Oren dismisses the distinction often drawn by progressives between anti-Zionism and antisemitism. “Does Israel have a right to exist? Does Israel have a right to defend itself? If you answer yes, you’re inside the tent; if no, you’re outside,” he said. In that sense, he sees Mamdani’s worldview, and the enthusiasm it inspired among younger Democrats, as part of a growing movement that “answers both questions in the negative.”

He also worries about tangible consequences for Jewish and Israeli institutions in New York. “Technion has a campus in New York City that Mamdani has said he will defund,” Oren said. “It develops technologies crucial for the health and well-being of New Yorkers. He doesn’t care—he’s going to defund it.” Oren fears that the city’s traditional role as a bridge for Israeli innovation could erode under an administration ideologically distant from Israel’s government.

Those concerns are shared, though expressed differently, across Israel’s political spectrum. Opposition lawmaker Meir Cohen of Yesh Atid told the Knesset that “this morning in New York is a black morning,” condemning colleagues who praised the new mayor.

“He calls for a permanent intifada against the State of Israel,” Cohen said. “He has not once condemned violence against Jews or against Israel.” The former education minister added that Mamdani’s opposition to Israel “was the basis of his entire campaign.”

Within Israel’s coalition, reactions were harsher but less introspective. While Chikli and Ben-Gvir cast the event as proof that Jews must “come home,” opposition voices like Cohen viewed it as a warning sign about Israel’s waning moral credibility abroad.

Analysts note that both interpretations stem from a shared anxiety: the fear that Israel is losing influence not only in global forums but within American liberal culture itself.

For Oren, the implications reach far beyond city politics. “If you are a rabid anti-Zionist and you have this mayor, you might think you can protest far more robustly with impunity,” he said. “Maybe take over another building at Columbia University, and the mayor won’t send the NYPD to kick you out.” The blurred boundary between activism and intimidation, he warned, could become “the new normal” in liberal strongholds once seen as safe for Jews.

Mamdani’s defenders argue that he has consistently denounced hate crimes and that critics are conflating disagreement with bigotry.
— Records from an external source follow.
lemma card_refl_halves_eq_class:
  fixes A :: "complex multiset"
  assumes "\<alpha> \<in># A" and "\<alpha> \<noteq> 0"
  defines "y \<equiv> eq_class (A + image_mset refl_T A) \<alpha>"
  shows "card (refl_halves y) = sharp y"
proof (cases "norm \<alpha> = 1")
  case True
  then have "refl_T \<alpha> = \<alpha>"
    using assms(2) by (simp add: refl_T_eq_self_iff)
  then have "y = replicate_mset (2 * count A \<alpha>) \<alpha>"
    unfolding y_def by (rule eq_class_add_image_refl_T_fixed)
  with \<open>refl_T \<alpha> = \<alpha>\<close> True assms(1) show ?thesis
    by (auto simp: refl_halves_fixed_point sharp_def)
next
  case False
  then have "refl_T \<alpha> \<noteq> \<alpha>" and "norm (refl_T \<alpha>) \<noteq> 1"
    using assms(2) by (simp_all add: refl_T_eq_self_iff norm_refl_T)
  from this(1) have "y = replicate_mset (count A \<alpha> + count A (refl_T \<alpha>)) \<alpha>
      + replicate_mset (count A \<alpha> + count A (refl_T \<alpha>)) (refl_T \<alpha>)"
    unfolding y_def by (rule eq_class_add_image_refl_T_pair)
  with \<open>refl_T \<alpha> \<noteq> \<alpha>\<close> \<open>norm (refl_T \<alpha>) \<noteq> 1\<close> False show ?thesis
    by (auto simp: card_refl_halves_pair sharp_def)
qed

lemma classes_split_eq_class:
  assumes "\<alpha> \<in># R"
  defines "P \<equiv> \<lambda>x. x = \<alpha> \<or> x = refl_T \<alpha>"
  shows "classes R = insert (eq_class R \<alpha>) (classes (filter_mset (\<lambda>x. \<not> P x) R))"
    and "eq_class R \<alpha> \<notin> classes (filter_mset (\<lambda>x. \<not> P x) R)"
proof -
  let ?R' = "filter_mset (\<lambda>x. \<not> P x) R"
  have same_class: "eq_class R x = eq_class R \<alpha>" if "P x" for x
  proof -
    have "(\<lambda>\<beta>. \<beta> = x \<or> \<beta> = refl_T x) = P"
      using that unfolding P_def by auto
    then show ?thesis
      by (simp add: eq_class_def P_def)
  qed
  have restrict: "eq_class R x = eq_class ?R' x" if "x \<in># ?R'" for x
  proof -
    have "\<not> P x"
      using that by simp
    then have "(\<lambda>\<beta>. \<not> P \<beta> \<and> (\<beta> = x \<or> \<beta> = refl_T x)) = (\<lambda>\<beta>. \<beta> = x \<or> \<beta> = refl_T x)"
      unfolding P_def by (auto simp: fun_eq_iff refl_T_eq_iff)
    then show ?thesis
      by (simp add: eq_class_def filter_filter_mset)
  qed
  have "set_mset R = set_mset (filter_mset P R) \<union> set_mset ?R'"
    by auto
  then have "classes R = eq_class R ` set_mset (filter_mset P R) \<union> eq_class R ` set_mset ?R'"
    unfolding classes_def by (simp only: image_Un)
  also have "eq_class R ` set_mset (filter_mset P R)
      = (\<lambda>_. eq_class R \<alpha>) ` set_mset (filter_mset P R)"
    by (rule image_cong[OF refl], rule same_class) simp
  also have "\<dots> = {eq_class R \<alpha>}"
    using assms(1) by (auto simp: P_def image_constant_conv)
  also have "eq_class R ` set_mset ?R' = classes ?R'"
    unfolding classes_def using restrict by (rule image_cong[OF refl])
  finally show "classes R = insert (eq_class R \<alpha>) (classes ?R')"
    by simp
  have "\<alpha> \<in># eq_class R \<alpha>"
    using assms(1) by (simp add: eq_class_def)
  moreover have "\<alpha> \<notin># eq_class ?R' x" for x
    by (simp add: eq_class_def P_def)
  ultimately show "eq_class R \<alpha> \<notin> classes ?R'"
    unfolding classes_def by (metis imageE)
qed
During his campaign, he pledged that City Hall would “stand steadfast alongside Jewish New Yorkers” and “not waver in the fight against the scourge of antisemitism.” His supporters, including some progressive Jews, insist that his opposition targets Netanyahu’s government, not the Jewish people.

But Oren regards such nuance as academic. “It’s unique to the antisemitism of the left,” he said, “that the left is uncomfortable with antisemitism, so it frames it as anti-Zionism. The right, maybe to its credit, just says it hates Jews.”
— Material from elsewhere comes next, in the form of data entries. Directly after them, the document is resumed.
(* Let $u$ be a non-constant twice differentiable function on $\mathbb{R}$ such that $u$, $u'$ and $u''$ are bounded, and assume that $|u'|$ attains its maximal value. Then $$\sup u'' \geq \frac{\|u'\|^2}{2\cdot \mathrm{osc}\,u},$$ where $\|u'\|=\sup_{\mathbb{R}}|u'|$ and $\mathrm{osc}\,u=\sup u-\inf u$. *)

theory Defs
  imports "HOL-Analysis.Analysis"
begin

end

theory Submission
  imports Defs
begin

text \<open>
  Let \<open>S = sup u''\<close> and let \<open>|u'|\<close> attain its maximum \<open>L\<close> at \<open>x\<^sub>0\<close>. Since \<open>u'' \<le> S\<close>, \<open>u\<close> lies
  below its osculating parabola \<open>u(x\<^sub>0) + u'(x\<^sub>0)(t - x\<^sub>0) + S(t - x\<^sub>0)\<^sup>2/2\<close>. Moving from \<open>x\<^sub>0\<close>
  a distance \<open>s\<close> against the sign of \<open>u'(x\<^sub>0)\<close> therefore lowers \<open>u\<close> by at least
  \<open>L s - S s\<^sup>2/2\<close>, which cannot exceed \<open>osc u\<close>. Optimising over \<open>s\<close> (take \<open>s = L/S\<close>)
  gives \<open>L\<^sup>2/(2S) \<le> osc u\<close>; for \<open>S \<le> 0\<close> the drop would be unbounded.
\<close>

lemma convex_critical_point_is_min:
  fixes h h' h'' :: "real \<Rightarrow> real"
  assumes h: "\<And>x. (h has_real_derivative h' x) (at x)"
    and h': "\<And>x. (h' has_real_derivative h'' x) (at x)"
    and h''_nonneg: "\<And>x. h'' x \<ge> 0"
    and critical: "h' x0 = 0"
  shows "h x0 \<le> h t"
proof -
  have h'_mono: "h' a \<le> h' b" if "a \<le> b" for a b
    using that h' h''_nonneg by (blast intro: DERIV_nonneg_imp_nondecreasing)
  show ?thesis
  proof (cases "x0 \<le> t")
    case True
    then show ?thesis
      using h h'_mono critical by (metis DERIV_nonneg_imp_nondecreasing)
  next
    case False
    then show ?thesis
      using h h'_mono critical by (metis DERIV_nonpos_imp_nonincreasing nle_le)
  qed
qed

lemma le_osculating_parabola:
  fixes u u' u'' :: "real \<Rightarrow> real"
  assumes d1: "\<And>x. (u has_real_derivative u' x) (at x)"
    and d2: "\<And>x. (u' has_real_derivative u'' x) (at x)"
    and le_M: "\<And>x. u'' x \<le> M"
  shows "u t \<le> u x0 + u' x0 * (t - x0) + M * (t - x0)\<^sup>2 / 2"
proof -
  define h where "h x = u x0 + u' x0 * (x - x0) + M * (x - x0)\<^sup>2 / 2 - u x" for x
  have h_deriv: "(h has_real_derivative u' x0 + M * (x - x0) - u' x) (at x)" for x
    unfolding h_def by (auto intro!: derivative_eq_intros d1)
  have h'_deriv: "((\<lambda>x. u' x0 + M * (x - x0) - u' x) has_real_derivative M - u'' x) (at x)" for x
    by (auto intro!: derivative_eq_intros d2)
  have "h x0 \<le> h t"
    using le_M by (intro convex_critical_point_is_min[OF h_deriv h'_deriv]) auto
  then show ?thesis
    unfolding h_def by simp
qed

lemma quadratic_lower_bound:
  fixes L S D :: real
  assumes L_pos: "L > 0"
    and bound: "\<And>s. s \<ge> 0 \<Longrightarrow> L * s - S * s\<^sup>2 / 2 \<le> D"
  shows "L\<^sup>2 / (2 * D) \<le> S"
proof (cases "S > 0")
  case True
  have "L * (L / S) - S * (L / S)\<^sup>2 / 2 \<le> D"
    using bound[of "L / S"] True L_pos by simp
  then have "L\<^sup>2 / (2 * S) \<le> D"
    using True by (simp add: field_simps power2_eq_square)
  moreover have "L\<^sup>2 / (2 * S) > 0"
    using True L_pos by simp
  ultimately have "D > 0"
    by linarith
  with \<open>L\<^sup>2 / (2 * S) \<le> D\<close> True show ?thesis
    by (simp add: field_simps)
next
  case False
  define s where "s = (\<bar>D\<bar> + 1) / L"
  have "s \<ge> 0"
    using L_pos by (simp add: s_def)
  then have "L * s - S * s\<^sup>2 / 2 \<le> D"
    by (rule bound)
  moreover have "S * s\<^sup>2 / 2 \<le> 0"
    using False by (simp add: mult_nonpos_nonneg)
  moreover have "L * s = \<bar>D\<bar> + 1"
    using L_pos by (simp add: s_def)
  ultimately show ?thesis
    by linarith
qed

theorem proposition2p1:
  fixes u u' u'' :: "real \<Rightarrow> real"
  assumes d1: "\<And>x. (u has_real_derivative u' x) (at x)"
    and d2: "\<And>x. (u' has_real_derivative u'' x) (at x)"
    and nonconst: "\<exists>x y. u x \<noteq> u y"
    and bu: "bounded (range u)"
    and bu1: "bounded (range u')"
    and bu2: "bounded (range u'')"
    and attain: "\<exists>x0. \<forall>x. \<bar>u' x\<bar> \<le> \<bar>u' x0\<bar>"
  shows "(SUP x. u'' x) \<ge> (SUP x. \<bar>u' x\<bar>)\<^sup>2 / (2 * ((SUP x. u x) - (INF x. u x)))"
proof -
  obtain x0 where x0: "\<And>x. \<bar>u' x\<bar> \<le> \<bar>u' x0\<bar>"
    using attain by blast
  have sup_abs_u': "(SUP x. \<bar>u' x\<bar>) = \<bar>u' x0\<bar>"
    by (rule cSup_eq_maximum) (use x0 in auto)
  have u''_le_sup: "u'' x \<le> (SUP x. u'' x)" for x
    using bu2 by (simp add: bounded_imp_bdd_above cSup_upper)
  have u_diff_le_osc: "u a - u b \<le> (SUP x. u x) - (INF x. u x)" for a b
    using bu by (intro diff_mono) (simp_all add: bounded_imp_bdd_above bounded_imp_bdd_below cSup_upper cInf_lower)
  have "\<bar>u' x0\<bar> > 0"
  proof (rule ccontr)
    assume "\<not> \<bar>u' x0\<bar> > 0"
    then have "u' x = 0" for x
      using x0[of x] by auto
    then show False
      using d1 nonconst by (metis DERIV_isconst_all)
  qed
  moreover have "\<bar>u' x0\<bar> * s - (SUP x. u'' x) * s\<^sup>2 / 2 \<le> (SUP x. u x) - (INF x. u x)"
    if "s \<ge> 0" for s
  proof -
    define t where "t = x0 - sgn (u' x0) * s"
    have "u t \<le> u x0 + u' x0 * (t - x0) + (SUP x. u'' x) * (t - x0)\<^sup>2 / 2"
      using d1 d2 u''_le_sup by (rule le_osculating_parabola)
    moreover have "u' x0 * (t - x0) = - \<bar>u' x0\<bar> * s" "(t - x0)\<^sup>2 = s\<^sup>2"
      using \<open>\<bar>u' x0\<bar> > 0\<close> by (auto simp: t_def sgn_if power2_eq_square)
    ultimately show ?thesis
      using u_diff_le_osc[of x0 t] by simp
  qed
  ultimately show ?thesis
    unfolding sup_abs_u' by (rule quadratic_lower_bound)
qed

end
He believes Israel must adapt by diversifying alliances and reinforcing Jewish education worldwide. “We have to wean ourselves from dependence on a single alliance with the United States,” he said. “The ultimate way to get through this period is by educating ourselves, understanding who we are far more deeply. I wonder how many of those Jews who voted for Mamdani actually know anything about Jewish history.”
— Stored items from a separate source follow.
(* Let $X$ and $Y$ be discrete random variables with finite support. Let $\mathbf{p}$ be the distribution of $X$ and $\mathbf{q}$ the distribution of $Y$, each written as a vector sorted in nonincreasing order, with the shorter vector padded with zeros to the common length. If $H(Y\mid X)=0$, then $$H(X)\geq H(Y)+D(\mathbf{q}\,\|\,\mathbf{p}).$$ Equivalently, for every function $f$ one has $H(X)\geq H(f(X))+D(\mathbf{q}\|\mathbf{p})$, where $\mathbf{q}$ is the sorted distribution of $f(X)$.
   Context: $H$ denotes Shannon entropy in bits. $D(\mathbf{b}\|\mathbf{a})=\sum_i b_i\log_2(b_i/a_i)$ is the relative entropy, computed componentwise on the sorted and padded vectors, with the convention $0\log(0/a)=0$. *)

theory Defs
  imports "HOL-Probability.Probability" "HOL-Library.Multiset"
begin

definition shannon_entropy :: "'a pmf \<Rightarrow> real" where
  "shannon_entropy p = - (\<Sum>x\<in>set_pmf p. pmf p x * log 2 (pmf p x))"

definition cond_entropy :: "('a \<times> 'b) pmf \<Rightarrow> real" where
  "cond_entropy J = - (\<Sum>xy\<in>set_pmf J.
      pmf J xy * log 2 (pmf J xy / pmf (map_pmf fst J) (fst xy)))"

definition sorted_probs :: "'a pmf \<Rightarrow> real list" where
  "sorted_probs p = rev (sorted_list_of_multiset (image_mset (pmf p) (mset_set (set_pmf p))))"

definition sorted_vec :: "'a pmf \<Rightarrow> nat \<Rightarrow> real" where
  "sorted_vec p i = (if i < length (sorted_probs p) then sorted_probs p ! i else 0)"

definition rel_entropy :: "(nat \<Rightarrow> real) \<Rightarrow> (nat \<Rightarrow> real) \<Rightarrow> nat \<Rightarrow> real" where
  "rel_entropy b a n = (\<Sum>i<n. if b i = 0 then 0 else b i * log 2 (b i / a i))"

end

theory Submission
  imports Defs "HOL-Combinatorics.List_Permutation"
begin

(* Zero conditional entropy means Y = f(X). Grouping the terms of -H(X) by the fibres of f and
   bounding each log p(x) by log p(g y), where g y has the largest mass in the fibre over y, gives
   -H(X) <= sum_y q(y) log p(g y). As g is injective, the rearrangement inequality bounds this by
   sum_j q_j log p_j for the sorted vectors, which is -H(Y) - D(q||p). *)

lemma pmf_map_pmf_finite:
  assumes "finite (set_pmf p)"
  shows "pmf (map_pmf f p) y = (\<Sum>x\<in>{x\<in>set_pmf p. f x = y}. pmf p x)"
proof -
  have "pmf (map_pmf f p) y = measure p (f -` {y} \<inter> set_pmf p)"
    by (simp add: pmf_map measure_Int_set_pmf)
  also have "f -` {y} \<inter> set_pmf p = {x\<in>set_pmf p. f x = y}"
    by auto
  also have "measure p {x\<in>set_pmf p. f x = y} = (\<Sum>x\<in>{x\<in>set_pmf p. f x = y}. pmf p x)"
    using assms by (intro measure_measure_pmf_finite) auto
  finally show ?thesis .
qed

lemma length_sorted_probs:
  "finite (set_pmf p) \<Longrightarrow> length (sorted_probs p) = card (set_pmf p)"
  by (metis sorted_probs_def length_rev mset_sorted_list_of_multiset size_image_mset
      size_mset size_mset_set)

lemma sorted_vec_antimono:
  assumes "i \<le> j"
  shows "sorted_vec p j \<le> sorted_vec p i"
proof -
  let ?L = "sorted_list_of_multiset (image_mset (pmf p) (mset_set (set_pmf p)))"
  have nonneg: "0 \<le> x" if "x \<in> set (sorted_probs p)" for x
    using that by (cases "finite (set_pmf p)") (auto simp: sorted_probs_def)
  have "sorted ?L" by simp
  then have "j < length (sorted_probs p) \<Longrightarrow> sorted_probs p ! j \<le> sorted_probs p ! i"
    using assms by (simp add: sorted_probs_def rev_nth sorted_nth_mono)
  then show ?thesis
    using assms nonneg by (auto simp: sorted_vec_def)
qed

lemma sorted_vec_bij_betw_set_pmf:
  assumes "finite (set_pmf p)"
  obtains \<sigma> where "bij_betw \<sigma> {..<card (set_pmf p)} (set_pmf p)"
    and "\<And>i. i < card (set_pmf p) \<Longrightarrow> sorted_vec p i = pmf p (\<sigma> i)"
proof -
  obtain xs where xs: "distinct xs" "set xs = set_pmf p"
    using finite_distinct_list[OF assms] by blast
  have len: "length xs = card (set_pmf p)"
    using xs distinct_card by fastforce
  have "mset (sorted_probs p) = mset (map (pmf p) xs)"
    using xs by (simp add: sorted_probs_def flip: mset_set_set)
  then obtain \<pi> where \<pi>: "bij_betw \<pi> {..<card (set_pmf p)} {..<card (set_pmf p)}"
      "\<And>i. i < card (set_pmf p) \<Longrightarrow> sorted_probs p ! i = map (pmf p) xs ! \<pi> i"
    using permutation_Ex_bij[of "sorted_probs p" "map (pmf p) xs"] assms len
    by (auto simp: length_sorted_probs)
  have \<pi>_less: "i < card (set_pmf p) \<Longrightarrow> \<pi> i < length xs" for i
    using \<pi>(1) len by (auto dest: bij_betwE)
  show ?thesis
  proof
    have "bij_betw ((!) xs) {..<card (set_pmf p)} (set_pmf p)"
      using xs len by (intro bij_betw_nth) auto
    then show "bij_betw ((!) xs \<circ> \<pi>) {..<card (set_pmf p)} (set_pmf p)"
      by (rule bij_betw_trans[OF \<pi>(1)])
    show "sorted_vec p i = pmf p (((!) xs \<circ> \<pi>) i)" if "i < card (set_pmf p)" for i
      using that \<pi>(2) \<pi>_less assms by (simp add: sorted_vec_def length_sorted_probs)
  qed
qed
Across both hemispheres, the debate has exposed the uneasy intersection between Israel’s identity politics and America’s evolving liberal conscience. The Conference of Presidents urged “unity and resolve,” while Israeli ministers called for aliyah, and opposition lawmakers warned against moral complacency. Yet beneath the discord lies a shared recognition: a symbolic line has been crossed.

As Oren told The Media Line, the challenge now is less about the new mayor than about what his election reveals. “We’ve been through dark days before,” he said quietly. “We’ll get through this one, too—but it’s going to test who we are, and how much we still believe that our story matters.”